··· Records to use ···
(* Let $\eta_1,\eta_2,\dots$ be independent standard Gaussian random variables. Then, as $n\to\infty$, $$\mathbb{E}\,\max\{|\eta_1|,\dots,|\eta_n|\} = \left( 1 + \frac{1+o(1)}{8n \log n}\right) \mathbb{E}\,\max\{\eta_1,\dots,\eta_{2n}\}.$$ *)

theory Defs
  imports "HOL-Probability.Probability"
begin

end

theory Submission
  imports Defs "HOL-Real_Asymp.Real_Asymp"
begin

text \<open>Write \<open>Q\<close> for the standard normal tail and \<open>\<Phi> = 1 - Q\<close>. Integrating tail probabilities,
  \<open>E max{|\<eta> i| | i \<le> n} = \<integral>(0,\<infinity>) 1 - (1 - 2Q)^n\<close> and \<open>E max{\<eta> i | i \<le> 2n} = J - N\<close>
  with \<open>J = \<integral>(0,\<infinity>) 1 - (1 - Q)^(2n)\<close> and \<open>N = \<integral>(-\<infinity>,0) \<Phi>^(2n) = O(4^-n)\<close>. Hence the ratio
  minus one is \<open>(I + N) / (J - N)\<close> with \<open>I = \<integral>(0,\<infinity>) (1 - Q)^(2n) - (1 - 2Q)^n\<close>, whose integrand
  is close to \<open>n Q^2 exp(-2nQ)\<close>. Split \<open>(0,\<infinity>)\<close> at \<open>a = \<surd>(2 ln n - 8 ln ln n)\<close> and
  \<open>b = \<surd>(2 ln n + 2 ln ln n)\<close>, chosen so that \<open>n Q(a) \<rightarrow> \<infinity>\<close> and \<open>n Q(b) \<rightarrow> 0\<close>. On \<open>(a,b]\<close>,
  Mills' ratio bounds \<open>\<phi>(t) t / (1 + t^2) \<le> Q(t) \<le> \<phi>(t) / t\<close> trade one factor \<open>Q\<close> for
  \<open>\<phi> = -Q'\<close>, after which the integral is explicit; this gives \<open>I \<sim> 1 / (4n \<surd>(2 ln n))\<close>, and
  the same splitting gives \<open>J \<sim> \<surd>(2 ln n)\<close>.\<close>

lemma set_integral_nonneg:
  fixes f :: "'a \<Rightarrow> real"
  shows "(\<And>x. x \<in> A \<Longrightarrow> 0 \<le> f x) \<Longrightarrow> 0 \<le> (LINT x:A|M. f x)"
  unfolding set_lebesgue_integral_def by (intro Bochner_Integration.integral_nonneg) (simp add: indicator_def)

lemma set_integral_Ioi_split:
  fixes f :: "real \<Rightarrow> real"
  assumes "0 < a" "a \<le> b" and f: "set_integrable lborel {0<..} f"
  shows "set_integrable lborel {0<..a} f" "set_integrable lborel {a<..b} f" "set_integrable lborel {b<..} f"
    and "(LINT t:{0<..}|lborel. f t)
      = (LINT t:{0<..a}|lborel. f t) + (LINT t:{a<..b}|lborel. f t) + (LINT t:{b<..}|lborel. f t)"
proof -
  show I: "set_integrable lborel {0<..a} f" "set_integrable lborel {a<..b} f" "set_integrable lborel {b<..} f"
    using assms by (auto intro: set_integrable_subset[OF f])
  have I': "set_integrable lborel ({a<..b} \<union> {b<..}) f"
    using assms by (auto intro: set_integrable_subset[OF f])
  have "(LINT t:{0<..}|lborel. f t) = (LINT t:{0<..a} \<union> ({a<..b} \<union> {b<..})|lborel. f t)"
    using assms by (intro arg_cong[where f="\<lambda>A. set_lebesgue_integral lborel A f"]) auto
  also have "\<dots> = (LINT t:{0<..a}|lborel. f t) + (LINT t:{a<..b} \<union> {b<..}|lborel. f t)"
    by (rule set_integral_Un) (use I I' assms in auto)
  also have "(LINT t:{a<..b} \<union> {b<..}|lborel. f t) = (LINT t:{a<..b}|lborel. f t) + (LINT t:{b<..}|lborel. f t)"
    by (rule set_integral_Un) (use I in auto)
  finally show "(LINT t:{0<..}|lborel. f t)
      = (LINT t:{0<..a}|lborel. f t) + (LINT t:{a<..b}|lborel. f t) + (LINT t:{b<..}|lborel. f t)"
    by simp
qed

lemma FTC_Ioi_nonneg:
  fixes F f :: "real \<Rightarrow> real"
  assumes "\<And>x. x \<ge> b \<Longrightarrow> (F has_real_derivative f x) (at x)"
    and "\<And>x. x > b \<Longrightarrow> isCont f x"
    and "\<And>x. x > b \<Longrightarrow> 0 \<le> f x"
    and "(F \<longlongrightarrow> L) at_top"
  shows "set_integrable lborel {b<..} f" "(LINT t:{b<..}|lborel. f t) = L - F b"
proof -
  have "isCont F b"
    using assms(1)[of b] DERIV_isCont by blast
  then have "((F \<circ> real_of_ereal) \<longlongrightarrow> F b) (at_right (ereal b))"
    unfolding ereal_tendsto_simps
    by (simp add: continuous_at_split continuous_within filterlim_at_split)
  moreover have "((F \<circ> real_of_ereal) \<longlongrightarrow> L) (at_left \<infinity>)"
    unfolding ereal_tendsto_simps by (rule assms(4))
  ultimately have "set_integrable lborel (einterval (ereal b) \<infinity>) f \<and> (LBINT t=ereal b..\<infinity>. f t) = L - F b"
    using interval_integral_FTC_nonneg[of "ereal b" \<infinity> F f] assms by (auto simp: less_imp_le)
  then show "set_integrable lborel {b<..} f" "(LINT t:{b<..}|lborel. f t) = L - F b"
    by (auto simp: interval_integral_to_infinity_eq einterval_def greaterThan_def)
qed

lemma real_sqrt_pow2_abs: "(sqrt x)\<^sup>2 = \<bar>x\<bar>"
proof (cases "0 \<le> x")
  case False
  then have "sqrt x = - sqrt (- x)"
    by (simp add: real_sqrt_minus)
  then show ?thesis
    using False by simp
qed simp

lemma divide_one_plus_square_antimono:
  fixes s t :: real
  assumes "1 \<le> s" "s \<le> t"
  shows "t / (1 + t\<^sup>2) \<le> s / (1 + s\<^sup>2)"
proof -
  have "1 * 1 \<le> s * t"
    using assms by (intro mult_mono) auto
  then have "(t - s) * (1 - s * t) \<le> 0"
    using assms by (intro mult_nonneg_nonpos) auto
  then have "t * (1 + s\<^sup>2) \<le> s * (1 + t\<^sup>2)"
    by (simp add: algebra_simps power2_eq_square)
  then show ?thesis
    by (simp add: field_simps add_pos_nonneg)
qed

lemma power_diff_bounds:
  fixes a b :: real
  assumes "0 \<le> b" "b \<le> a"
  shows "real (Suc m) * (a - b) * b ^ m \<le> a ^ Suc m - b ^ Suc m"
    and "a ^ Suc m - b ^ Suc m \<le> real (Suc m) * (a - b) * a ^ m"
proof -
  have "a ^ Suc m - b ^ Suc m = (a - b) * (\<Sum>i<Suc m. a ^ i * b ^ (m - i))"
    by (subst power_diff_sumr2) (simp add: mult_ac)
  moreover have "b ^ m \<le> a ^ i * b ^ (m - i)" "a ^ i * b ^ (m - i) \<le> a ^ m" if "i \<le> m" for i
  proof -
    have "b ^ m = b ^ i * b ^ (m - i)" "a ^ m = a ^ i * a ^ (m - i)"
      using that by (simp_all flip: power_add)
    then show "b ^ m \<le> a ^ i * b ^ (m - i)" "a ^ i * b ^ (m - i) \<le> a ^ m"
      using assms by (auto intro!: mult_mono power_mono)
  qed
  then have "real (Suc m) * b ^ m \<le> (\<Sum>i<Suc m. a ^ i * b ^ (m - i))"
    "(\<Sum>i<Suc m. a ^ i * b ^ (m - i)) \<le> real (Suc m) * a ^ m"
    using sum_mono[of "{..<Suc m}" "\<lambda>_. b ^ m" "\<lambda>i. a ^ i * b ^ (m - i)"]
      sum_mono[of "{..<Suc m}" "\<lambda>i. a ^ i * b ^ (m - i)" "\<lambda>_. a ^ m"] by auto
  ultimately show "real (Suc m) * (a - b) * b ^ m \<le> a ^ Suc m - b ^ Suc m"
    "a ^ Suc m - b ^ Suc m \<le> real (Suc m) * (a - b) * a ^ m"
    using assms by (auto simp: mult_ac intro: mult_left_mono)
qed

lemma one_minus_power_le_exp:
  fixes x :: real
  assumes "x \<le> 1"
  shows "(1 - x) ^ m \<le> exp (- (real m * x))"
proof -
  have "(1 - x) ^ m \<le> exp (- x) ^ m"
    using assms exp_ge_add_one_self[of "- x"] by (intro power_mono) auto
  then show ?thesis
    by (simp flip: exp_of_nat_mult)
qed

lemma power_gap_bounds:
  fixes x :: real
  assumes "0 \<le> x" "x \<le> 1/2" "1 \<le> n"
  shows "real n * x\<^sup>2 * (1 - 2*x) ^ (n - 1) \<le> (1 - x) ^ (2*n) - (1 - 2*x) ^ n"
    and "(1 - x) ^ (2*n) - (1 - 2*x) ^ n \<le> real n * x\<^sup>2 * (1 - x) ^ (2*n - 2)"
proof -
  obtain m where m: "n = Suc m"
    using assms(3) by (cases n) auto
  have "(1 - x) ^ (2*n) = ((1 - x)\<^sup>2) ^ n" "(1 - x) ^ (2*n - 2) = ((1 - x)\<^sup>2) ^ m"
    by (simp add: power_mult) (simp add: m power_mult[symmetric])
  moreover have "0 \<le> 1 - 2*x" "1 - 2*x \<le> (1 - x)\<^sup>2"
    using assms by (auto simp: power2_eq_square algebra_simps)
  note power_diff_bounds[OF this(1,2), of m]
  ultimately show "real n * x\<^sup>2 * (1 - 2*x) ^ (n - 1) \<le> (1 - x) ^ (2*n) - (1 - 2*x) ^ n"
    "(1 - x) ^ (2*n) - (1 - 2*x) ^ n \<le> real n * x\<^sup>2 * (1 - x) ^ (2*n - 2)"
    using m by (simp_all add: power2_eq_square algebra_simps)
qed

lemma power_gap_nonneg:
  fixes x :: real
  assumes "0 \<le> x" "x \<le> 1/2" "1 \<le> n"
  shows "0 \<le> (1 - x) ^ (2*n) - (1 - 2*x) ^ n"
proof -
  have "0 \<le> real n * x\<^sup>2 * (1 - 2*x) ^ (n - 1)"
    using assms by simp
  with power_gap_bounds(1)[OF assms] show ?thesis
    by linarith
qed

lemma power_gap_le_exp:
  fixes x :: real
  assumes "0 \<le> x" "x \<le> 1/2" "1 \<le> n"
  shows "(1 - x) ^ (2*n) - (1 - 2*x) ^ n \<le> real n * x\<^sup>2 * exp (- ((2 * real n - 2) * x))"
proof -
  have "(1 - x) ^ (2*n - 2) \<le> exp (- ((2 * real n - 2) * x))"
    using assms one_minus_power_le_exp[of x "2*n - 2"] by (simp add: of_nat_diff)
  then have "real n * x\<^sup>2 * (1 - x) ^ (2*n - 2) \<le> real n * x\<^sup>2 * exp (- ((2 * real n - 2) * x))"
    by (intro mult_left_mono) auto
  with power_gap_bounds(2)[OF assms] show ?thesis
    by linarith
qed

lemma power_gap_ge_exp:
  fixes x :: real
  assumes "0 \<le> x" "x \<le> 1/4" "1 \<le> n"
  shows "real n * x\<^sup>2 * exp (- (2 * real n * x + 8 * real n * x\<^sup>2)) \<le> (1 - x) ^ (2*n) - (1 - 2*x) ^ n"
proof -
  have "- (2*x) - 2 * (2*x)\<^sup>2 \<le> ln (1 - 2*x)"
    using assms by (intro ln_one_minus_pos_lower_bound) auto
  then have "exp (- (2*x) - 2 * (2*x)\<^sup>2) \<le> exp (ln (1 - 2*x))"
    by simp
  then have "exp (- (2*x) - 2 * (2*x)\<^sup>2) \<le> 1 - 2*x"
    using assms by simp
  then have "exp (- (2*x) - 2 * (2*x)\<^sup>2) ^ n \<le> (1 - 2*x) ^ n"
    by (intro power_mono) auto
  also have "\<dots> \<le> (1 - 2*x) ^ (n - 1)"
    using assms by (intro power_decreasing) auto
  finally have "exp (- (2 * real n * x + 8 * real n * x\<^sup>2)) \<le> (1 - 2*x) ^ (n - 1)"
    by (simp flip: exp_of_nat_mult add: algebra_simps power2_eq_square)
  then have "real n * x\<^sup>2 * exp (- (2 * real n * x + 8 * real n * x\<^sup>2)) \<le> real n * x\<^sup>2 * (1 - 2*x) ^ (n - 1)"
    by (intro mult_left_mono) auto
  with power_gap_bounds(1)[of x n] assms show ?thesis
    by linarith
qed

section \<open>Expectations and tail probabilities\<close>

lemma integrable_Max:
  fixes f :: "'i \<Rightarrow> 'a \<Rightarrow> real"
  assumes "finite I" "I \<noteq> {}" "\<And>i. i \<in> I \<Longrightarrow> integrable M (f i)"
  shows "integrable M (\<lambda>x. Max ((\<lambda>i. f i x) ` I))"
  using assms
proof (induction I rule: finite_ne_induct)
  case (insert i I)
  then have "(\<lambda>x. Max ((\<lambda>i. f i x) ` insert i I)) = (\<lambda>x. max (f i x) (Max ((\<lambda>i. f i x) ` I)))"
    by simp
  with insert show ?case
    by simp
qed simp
···
Copy only this part of the entries above: the line with "using assms by (intro mult_nonneg_nonpos)", the line with "by (subst power_diff_sumr2)", and the lines between, all exactly as written.

Final answer:
    using assms by (intro mult_nonneg_nonpos) auto
  then have "t * (1 + s\<^sup>2) \<le> s * (1 + t\<^sup>2)"
    by (simp add: algebra_simps power2_eq_square)
  then show ?thesis
    by (simp add: field_simps add_pos_nonneg)
qed

lemma power_diff_bounds:
  fixes a b :: real
  assumes "0 \<le> b" "b \<le> a"
  shows "real (Suc m) * (a - b) * b ^ m \<le> a ^ Suc m - b ^ Suc m"
    and "a ^ Suc m - b ^ Suc m \<le> real (Suc m) * (a - b) * a ^ m"
proof -
  have "a ^ Suc m - b ^ Suc m = (a - b) * (\<Sum>i<Suc m. a ^ i * b ^ (m - i))"
    by (subst power_diff_sumr2) (simp add: mult_ac)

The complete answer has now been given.